To make sure we fully understand what you’re looking for, could you describe a situation where Group-By with the Matcher would make a difference in your workflow?
Any concrete example would be really helpful for us to explore this further.
I need to analyse several hundred (potentially thousands) files, the files to be analysed are only determined at run time. The potential duplicates will only be within the same file, the features arrive at the matcher in file order, so if the matcher had a group by and complete groups when group changes, then the features could be released to the featureWriter rather than being store in memory at the matcher.

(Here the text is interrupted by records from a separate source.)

lemma nn_integral_kernel_outside_ball_le:
  fixes x :: "'a::euclidean_space"
  assumes e: "0 < e" and p: "real DIM('a) < p"
  shows "(\<integral>\<^sup>+y. indicator {y. e < dist x y} y * ennreal (1 / norm (x - y) powr p) \<partial>lebesgue)
     \<le> ennreal (unit_ball_vol (real DIM('a)) * 2 ^ DIM('a) * e powr (real DIM('a) - p)
                 / (1 - 2 powr (real DIM('a) - p)))"
proof -
  define N where "N = real DIM('a)"
  define V where "V = unit_ball_vol N"
  define q where "q = 2 powr (N - p)"
  define S where "S k = {y. 2 ^ k * e \<le> dist x y \<and> dist x y < 2 ^ Suc k * e}" for k :: nat
  define g where "g y = ennreal (1 / norm (x - y) powr p)" for y
  define a where "a k = V * 2 powr N * e powr (N - p) * q ^ k" for k :: nat
  have V: "0 \<le> V" unfolding V_def N_def by simp
  have q: "0 < q" "q < 1" unfolding q_def using p N_def by (auto intro!: powr_less_one)
  have S_sets[measurable]: "S k \<in> sets lborel" for k unfolding S_def by measurable
  have cover: "indicator {y. e < dist x y} y \<le> (\<Sum>k. indicator (S k) y :: ennreal)" for y
  proof (cases "e < dist x y")
    case True
    then obtain k where "y \<in> S k" using dyadic_shell_exists[OF e] unfolding S_def by blast
    then show ?thesis
      using True sum_le_suminf[OF summableI, of "{k}" "\<lambda>k. indicator (S k) y :: ennreal"] by simp
  qed simp
  have shell_le: "(\<integral>\<^sup>+y. indicator (S k) y * g y \<partial>lborel) \<le> ennreal (a k)" for k
  proof -
    have "(\<integral>\<^sup>+y. indicator (S k) y * g y \<partial>lborel)
        \<le> (\<integral>\<^sup>+y. ennreal ((2 ^ k * e) powr (-p)) * indicator (S k) y \<partial>lborel)"
    proof (intro nn_integral_mono)
      fix y
      show "indicator (S k) y * g y \<le> ennreal ((2 ^ k * e) powr (-p)) * indicator (S k) y"
      proof (cases "y \<in> S k")
        case True
        then have "2 ^ k * e \<le> norm (x - y)" unfolding S_def by (simp add: dist_norm)
        then have "norm (x - y) powr (-p) \<le> (2 ^ k * e) powr (-p)"
          using e p by (intro powr_mono2') auto
        then show ?thesis using True unfolding g_def by (simp add: powr_minus_divide ennreal_leI)
      qed simp
    qed
    also have "\<dots> = ennreal ((2 ^ k * e) powr (-p)) * emeasure lborel (S k)"
      by (rule nn_integral_cmult_indicator) (use S_sets in simp)
    also have "\<dots> \<le> ennreal ((2 ^ k * e) powr (-p)) * emeasure lborel (cball x (2 ^ Suc k * e))"
      by (intro mult_left_mono emeasure_mono) (auto simp: S_def)
    also have "\<dots> = ennreal ((2 ^ k * e) powr (-p) * (V * (2 ^ Suc k * e) ^ DIM('a)))"
      using e by (subst emeasure_cball) (auto simp: V_def N_def ennreal_mult)
    also have "(2 ^ k * e) powr (-p) * (V * (2 ^ Suc k * e) ^ DIM('a)) = a k"
    proof -
      have ball: "(2 ^ Suc k * e) ^ DIM('a) = 2 powr N * (2 powr real k) powr N * e powr N"
        using e by (simp add: N_def powr_realpow[symmetric] powr_mult powr_add)
      have kernel: "(2 ^ k * e) powr (-p) = (2 powr real k) powr (-p) * e powr (-p)"
        using e by (simp add: powr_mult powr_realpow)
      have ratio: "q ^ k = (2 powr real k) powr N * (2 powr real k) powr (-p)"
        unfolding q_def
        by (simp add: powr_powr powr_add[symmetric] powr_realpow[symmetric] algebra_simps flip: powr_power)
      show ?thesis unfolding a_def ball kernel ratio by (simp add: powr_diff powr_minus divide_simps)
    qed
    finally show ?thesis .
  qed
  have "(\<integral>\<^sup>+y. indicator {y. e < dist x y} y * g y \<partial>lebesgue)
      = (\<integral>\<^sup>+y. indicator {y. e < dist x y} y * g y \<partial>lborel)"
    unfolding g_def by (rule nn_integral_completion) measurable
  also have "\<dots> \<le> (\<integral>\<^sup>+y. (\<Sum>k. indicator (S k) y * g y) \<partial>lborel)"
    using cover by (intro nn_integral_mono) (simp add: ennreal_suminf_multc mult_right_mono)
  also have "\<dots> = (\<Sum>k. \<integral>\<^sup>+y. indicator (S k) y * g y \<partial>lborel)"
    by (rule nn_integral_suminf) (simp add: g_def)
  also have "\<dots> \<le> (\<Sum>k. ennreal (a k))"
    by (intro suminf_le shell_le) auto
  also have "\<dots> = ennreal (\<Sum>k. a k)"
    using q V by (intro suminf_ennreal2) (auto simp: a_def intro!: summable_mult summable_geometric)
  also have "(\<Sum>k. a k) = V * 2 powr N * e powr (N - p) / (1 - q)"
    unfolding a_def using q by (simp add: suminf_mult suminf_geometric divide_simps)
  finally show ?thesis unfolding V_def N_def q_def g_def by (simp add: powr_realpow)
qed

My workflow is analysis to determine files of interest → feature reader → analyse features → subset of derived data→ matcher → single matched/unmatched to featureWriter (fanout based on input file).
Given the nature of the analysis before the matcher, a parent workspace with workspaceRunner for each input file is not optimal.
Thanks @jdh for sharing more about your use case.
Have you tried setting “Attributes That Must Differ” to fme_basename? That may achieve a similar effect by keeping matches file-specific. If you’ve already tested this, I’m interested to learn what’s missing from that approach.
@jdh , I also frequently face similar situation of yours. For your reference, sometimes I define a custom transformer which wraps a Matcher and publishes Group By and Complete Groups parameters, as a workaround in the interim. See also the attachement including an example.
@andreaatsafe, jdh is talking about "When Group Changes (Advanced)" option in the general group processing. “Attributes That Must Differ” setting in Matcher can't be its substitution.
See the attached workspace example which demonstrates how the "When Group Changes (Advanced)" option would work.
Similary, it would be great if LineCombiner would have group processing including Complete Groups options.
@jdh , I also frequently face similar situation of yours. For your reference, sometimes I define a custom transformer which wraps a Matcher and publishes Group By and Complete Groups parameters, as a workaround in the interim.
That’s the approach I took, but it’s a hack that shouldn’t be necessary, hence the idea.